(* Let $m\ge1$, $N=2^m$, let $\mathcal{A}\subseteq[0,N-1]$ with $\mathcal{A}$ and $\mathcal{A}^c=[0,N-1]\setminus\mathcal{A}$ nonempty, and let $\mathbf{P}\in\mathbb{F}_2^{N\times N}$ be upper triangular with unit diagonal. Then $$\mathcal{C}_{\boldsymbol{G}_N}([\max(\mathcal{A}^c)+1,N-1])\subseteq\mathcal{C}_{\mathbf{P}\boldsymbol{G}_N}(\mathcal{A})\subseteq\mathcal{C}_{\boldsymbol{G}_N}([\min(\mathcal{A}),N-1]),$$ and $$\mathcal{C}_{\boldsymbol{G}_N}([N-\min(\mathcal{A}),N-1])\subseteq\mathcal{C}_{\mathbf{P}\boldsymbol{G}_N}(\mathcal{A})^{\perp}\subseteq\mathcal{C}_{\boldsymbol{G}_N}([N-1-\max(\mathcal{A}^c),N-1]).$$
   Context: $[\ell,u]=\{\ell,\dots,u\}$ (empty if $\ell>u$). $\boldsymbol{G}_N=\begin{pmatrix}1&0\\1&1\end{pmatrix}^{\otimes m}$ over $\mathbb{F}_2$, rows/columns indexed by $0,\dots,N-1$; $\mathcal{C}_{\mathbf{B}}(\mathcal{S})$ is the code spanned by the rows of $\mathbf{B}$ indexed by $\mathcal{S}$. $\perp$ is the dual code for the standard inner product over $\mathbb{F}_2$. *)

theory Defs
  imports Main "HOL-Library.Z2"
begin

(* Matrices over F_2 are functions nat => nat => bit, meaningful on indices < size;
   vectors of length N are functions nat => bit, required to vanish outside [0,N-1]. *)

type_synonym vec = "nat \<Rightarrow> bit"
type_synonym mat = "nat \<Rightarrow> nat \<Rightarrow> bit"

definition G2 :: mat where
  "G2 i j = (if i < 2 \<and> j < 2 \<and> j \<le> i then 1 else 0)"

definition kron :: "nat \<Rightarrow> mat \<Rightarrow> mat \<Rightarrow> mat" where
  "kron b A B i j = A (i div b) (j div b) * B (i mod b) (j mod b)"

(* G_{2^m} = [[1,0],[1,1]]^{\<otimes> m}; G_1 = [1] *)
fun GN :: "nat \<Rightarrow> mat" where
  "GN 0 = (\<lambda>i j. if i = 0 \<and> j = 0 then 1 else 0)"
| "GN (Suc m) = kron (2 ^ m) G2 (GN m)"

definition matmul :: "nat \<Rightarrow> mat \<Rightarrow> mat \<Rightarrow> mat" where
  "matmul n A B i j = (\<Sum>k<n. A i k * B k j)"

definition upper_unitriangular :: "nat \<Rightarrow> mat \<Rightarrow> bool" where
  "upper_unitriangular n P \<longleftrightarrow> (\<forall>i<n. \<forall>j<n. (j < i \<longrightarrow> P i j = 0) \<and> (i = j \<longrightarrow> P i j = 1))"

definition row :: "nat \<Rightarrow> mat \<Rightarrow> nat \<Rightarrow> vec" where
  "row n B i = (\<lambda>j. if j < n then B i j else 0)"

definition code :: "nat \<Rightarrow> mat \<Rightarrow> nat set \<Rightarrow> vec set" where
  "code n B S = {v. \<exists>c :: nat \<Rightarrow> bit. v = (\<lambda>j. \<Sum>i\<in>S \<inter> {..<n}. c i * row n B i j)}"

definition inner :: "nat \<Rightarrow> vec \<Rightarrow> vec \<Rightarrow> bit" where
  "inner n u v = (\<Sum>j<n. u j * v j)"

definition dual :: "nat \<Rightarrow> vec set \<Rightarrow> vec set" where
  "dual n C = {v. (\<forall>j\<ge>n. v j = 0) \<and> (\<forall>u\<in>C. inner n u v = 0)}"

end

theory Submission
  imports Defs "HOL-Library.Function_Algebras" HOL.Modules
begin

(* Every row of P G_N is the corresponding row of G_N plus a combination of later rows, so for
   upper unitriangular P the rows with index at least k of P G_N and of G_N span the same code;
   the first chain follows by monotonicity of the span.  For the duals, the rows g_i of G_N
   satisfy <g_i, g_(N-1-k)> = (G_N)_(k,i): this holds for [[1,0],[1,1]] and is preserved by
   Kronecker products.  As G_N is lower unitriangular, it makes C([N-k,N-1]) the dual of
   C([k,N-1]), and the second chain is the orthogonal complement of the first. *)

(* Keep ring arithmetic on bit instead of rewriting + and * to XOR and AND. *)
declare add_bit_eq_xor [simp del] mult_bit_eq_and [simp del]

interpretation vec: module "\<lambda>(c::bit) (v::vec) j. c * v j"
  by unfold_locales (simp_all add: fun_eq_iff algebra_simps)

lemma sum_fun_apply: "(\<Sum>i\<in>S. f i) x = (\<Sum>i\<in>S. f i x)"
  by (induction S rule: infinite_finite_induct) simp_all

lemma subspace_code: "vec.subspace (code n B S)"
proof (rule vec.subspaceI)
  show "0 \<in> code n B S"
    by (auto simp: code_def fun_eq_iff intro!: exI[of _ "\<lambda>_. 0"])
next
  fix u v assume "u \<in> code n B S" "v \<in> code n B S"
  then obtain c d where "u = (\<lambda>j. \<Sum>i\<in>S \<inter> {..<n}. c i * row n B i j)"
    and "v = (\<lambda>j. \<Sum>i\<in>S \<inter> {..<n}. d i * row n B i j)"
    by (auto simp: code_def)
  then show "u + v \<in> code n B S"
    by (auto simp: code_def sum.distrib distrib_right intro!: exI[of _ "\<lambda>i. c i + d i"])
next
  fix a u assume "u \<in> code n B S"
  then obtain c where "u = (\<lambda>j. \<Sum>i\<in>S \<inter> {..<n}. c i * row n B i j)"
    by (auto simp: code_def)
  then show "(\<lambda>j. a * u j) \<in> code n B S"
    by (auto simp: code_def sum_distrib_left mult.assoc intro!: exI[of _ "\<lambda>i. a * c i"])
qed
______________________________
ASSIGNMENT
What you return should be only the lines from the line containing "by unfold_locales (simp_all" through the end of the material above, reproduced exactly, first and last included.

EXERCISE RESPONSE
  by unfold_locales (simp_all add: fun_eq_iff algebra_simps)

lemma sum_fun_apply: "(\<Sum>i\<in>S. f i) x = (\<Sum>i\<in>S. f i x)"
  by (induction S rule: infinite_finite_induct) simp_all

lemma subspace_code: "vec.subspace (code n B S)"
proof (rule vec.subspaceI)
  show "0 \<in> code n B S"
    by (auto simp: code_def fun_eq_iff intro!: exI[of _ "\<lambda>_. 0"])
next
  fix u v assume "u \<in> code n B S" "v \<in> code n B S"
  then obtain c d where "u = (\<lambda>j. \<Sum>i\<in>S \<inter> {..<n}. c i * row n B i j)"
    and "v = (\<lambda>j. \<Sum>i\<in>S \<inter> {..<n}. d i * row n B i j)"
    by (auto simp: code_def)
  then show "u + v \<in> code n B S"
    by (auto simp: code_def sum.distrib distrib_right intro!: exI[of _ "\<lambda>i. c i + d i"])
next
  fix a u assume "u \<in> code n B S"
  then obtain c where "u = (\<lambda>j. \<Sum>i\<in>S \<inter> {..<n}. c i * row n B i j)"
    by (auto simp: code_def)
  then show "(\<lambda>j. a * u j) \<in> code n B S"
    by (auto simp: code_def sum_distrib_left mult.assoc intro!: exI[of _ "\<lambda>i. a * c i"])
qed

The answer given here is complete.